FIELD OF THE INVENTION
The present invention refers to a semi-commanded valve system
applied to alternative compressor, and a method for modulating a
compressor provided with the semi-commanded valve system.
Generally speaking, the present invention provides means for
manipulating the forced opening and closing of suction valves
and/or discharge valves of alternative compressors. By manipulating
these valves it is also possible to control the capacity of an
alternative compressor with fixed speed.
BACKGROUND OF THE INVENTION
With regard to conventional alternative compressor assemblies
It is already known from those skilled in the art that alternative
compressors comprise machines and/or devices capable of altering
the pressure of a working fluid as well as pumping it. In this
sense, and in a more specific form, alternative compressors are
capable of altering the pressure of a working fluid by controllably
altering the volume of a compression chamber that is usually
defined by a cylindrical chamber that is able to receive the
working fluid and a movable piston. Therefore, due to the
displacement of the movable piston occurring inside the compression
chamber the volume thereof is alternatively (decreased and
increased) altered.
Additionally, it is also known from those skilled in the art that
the inlet (suction) and removal (exhaustion) steps of the working
fluid inside the compression chamber consist of critical steps to
achieve a current functioning of an alternative compressor.

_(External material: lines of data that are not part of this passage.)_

lemma weakly_regular_not_closed_Ball:
  assumes "a \<in> A" "b \<in> A" "a \<noteq> b"
  shows "\<exists>P. weakly_regular A 3 P \<and> \<not> weakly_regular A 2 {xs \<in> tuples A 2. \<forall>x \<in> lists A. x # xs \<in> P}"
proof (intro exI conjI)
  let ?P = "guarded_Cons A True (count_eq A a) \<union> guarded_Cons A False (count_eq A b)"
  show "weakly_regular A 3 ?P"
    using weakly_regular_Un[OF weakly_regular_guarded_Cons weakly_regular_guarded_Cons,
        OF weakly_regular_count_eq weakly_regular_count_eq]
    by (simp add: numeral_3_eq_3 numeral_2_eq_2)
  have "{xs \<in> tuples A 2. \<forall>x \<in> lists A. x # xs \<in> ?P} = count_eq A a \<inter> count_eq A b"
    using Ball_Cons_guarded_Cons[OF assms(1) weakly_regular_subset_tuples weakly_regular_subset_tuples,
        OF weakly_regular_count_eq weakly_regular_count_eq] .
  then show "\<not> weakly_regular A 2 {xs \<in> tuples A 2. \<forall>x \<in> lists A. x # xs \<in> ?P}"
    using not_weakly_regular_count_eq_Int[OF assms] by simp
qed

theorem mainTheorem5:
  shows
  "(\<exists>(A::nat set) n P. finite A \<and> n \<ge> 1 \<and> weakly_regular A n P \<and>
        \<not> weakly_regular A n (tuples A n - P))
   \<and> (\<forall>(A::'a set) n P Q. finite A \<longrightarrow> n \<ge> 1 \<longrightarrow>
        weakly_regular A n P \<longrightarrow> weakly_regular A n Q \<longrightarrow> weakly_regular A n (P \<union> Q))
   \<and> (\<exists>(A::nat set) n P Q. finite A \<and> n \<ge> 1 \<and> weakly_regular A n P \<and>
        weakly_regular A n Q \<and> \<not> weakly_regular A n (P \<inter> Q))
   \<and> (\<forall>(A::'a set) n P. finite A \<longrightarrow> n \<ge> 2 \<longrightarrow> weakly_regular A n P \<longrightarrow>
        weakly_regular A (n - 1) {xs. \<exists>x1 \<in> lists A. x1 # xs \<in> P})
   \<and> (\<exists>(A::nat set) n P. finite A \<and> n \<ge> 2 \<and> weakly_regular A n P \<and>
        \<not> weakly_regular A (n - 1)
            {xs \<in> tuples A (n - 1). \<forall>x1 \<in> lists A. x1 # xs \<in> P})"
proof -
  let ?A = "{0, 1 :: nat}"
  have ab: "0 \<in> ?A" "1 \<in> ?A" "(0::nat) \<noteq> 1"
    by simp_all
  obtain P Q where PQ: "weakly_regular ?A 2 P" "weakly_regular ?A 2 Q" "\<not> weakly_regular ?A 2 (P \<inter> Q)"
    using weakly_regular_not_closed_Int[OF ab] by blast
  then have "\<exists>(A::nat set) n P Q. finite A \<and> n \<ge> 1 \<and> weakly_regular A n P \<and>
      weakly_regular A n Q \<and> \<not> weakly_regular A n (P \<inter> Q)"
    by (intro exI[of _ ?A] exI[of _ 2] exI[of _ P] exI[of _ Q]) simp
  moreover obtain R where "weakly_regular ?A 2 R" "\<not> weakly_regular ?A 2 (tuples ?A 2 - R)"
    using weakly_regular_not_closed_Compl[OF PQ] by blast
  then have "\<exists>(A::nat set) n P. finite A \<and> n \<ge> 1 \<and> weakly_regular A n P \<and>
      \<not> weakly_regular A n (tuples A n - P)"
    by (intro exI[of _ ?A] exI[of _ 2] exI[of _ R]) simp
  moreover obtain P' where "weakly_regular ?A 3 P'"
    "\<not> weakly_regular ?A 2 {xs \<in> tuples ?A 2. \<forall>x \<in> lists ?A. x # xs \<in> P'}"
    using weakly_regular_not_closed_Ball[OF ab] by blast
  then have "\<exists>(A::nat set) n P. finite A \<and> n \<ge> 2 \<and> weakly_regular A n P \<and>
      \<not> weakly_regular A (n - 1) {xs \<in> tuples A (n - 1). \<forall>x1 \<in> lists A. x1 # xs \<in> P}"
    by (intro exI[of _ ?A] exI[of _ 3] exI[of _ P']) simp
  ultimately show ?thesis
    using weakly_regular_Un weakly_regular_proj by blast
qed

end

Furthermore, said steps directly impact the parameters of a
compressor performance, and, for this reason, the current state of
the art comprises a great number of valve systems intended to
control suction and discharge of working fluid inside the
compression chamber.
In accordance with the conventional functioning of a
state-of-the-art valve system, it is observed that conventional
suction valves have a normal closed configuration, and their
automatic and uncommanded "opening" uniquely and exclusively occurs
when the piston is at the superior dead point and descends to the
lower dead point, that is, the current suction valves can only be
kept "open" when the pressure inside the cylinder drops to a value
that is lower than the pressure in the suction chamber.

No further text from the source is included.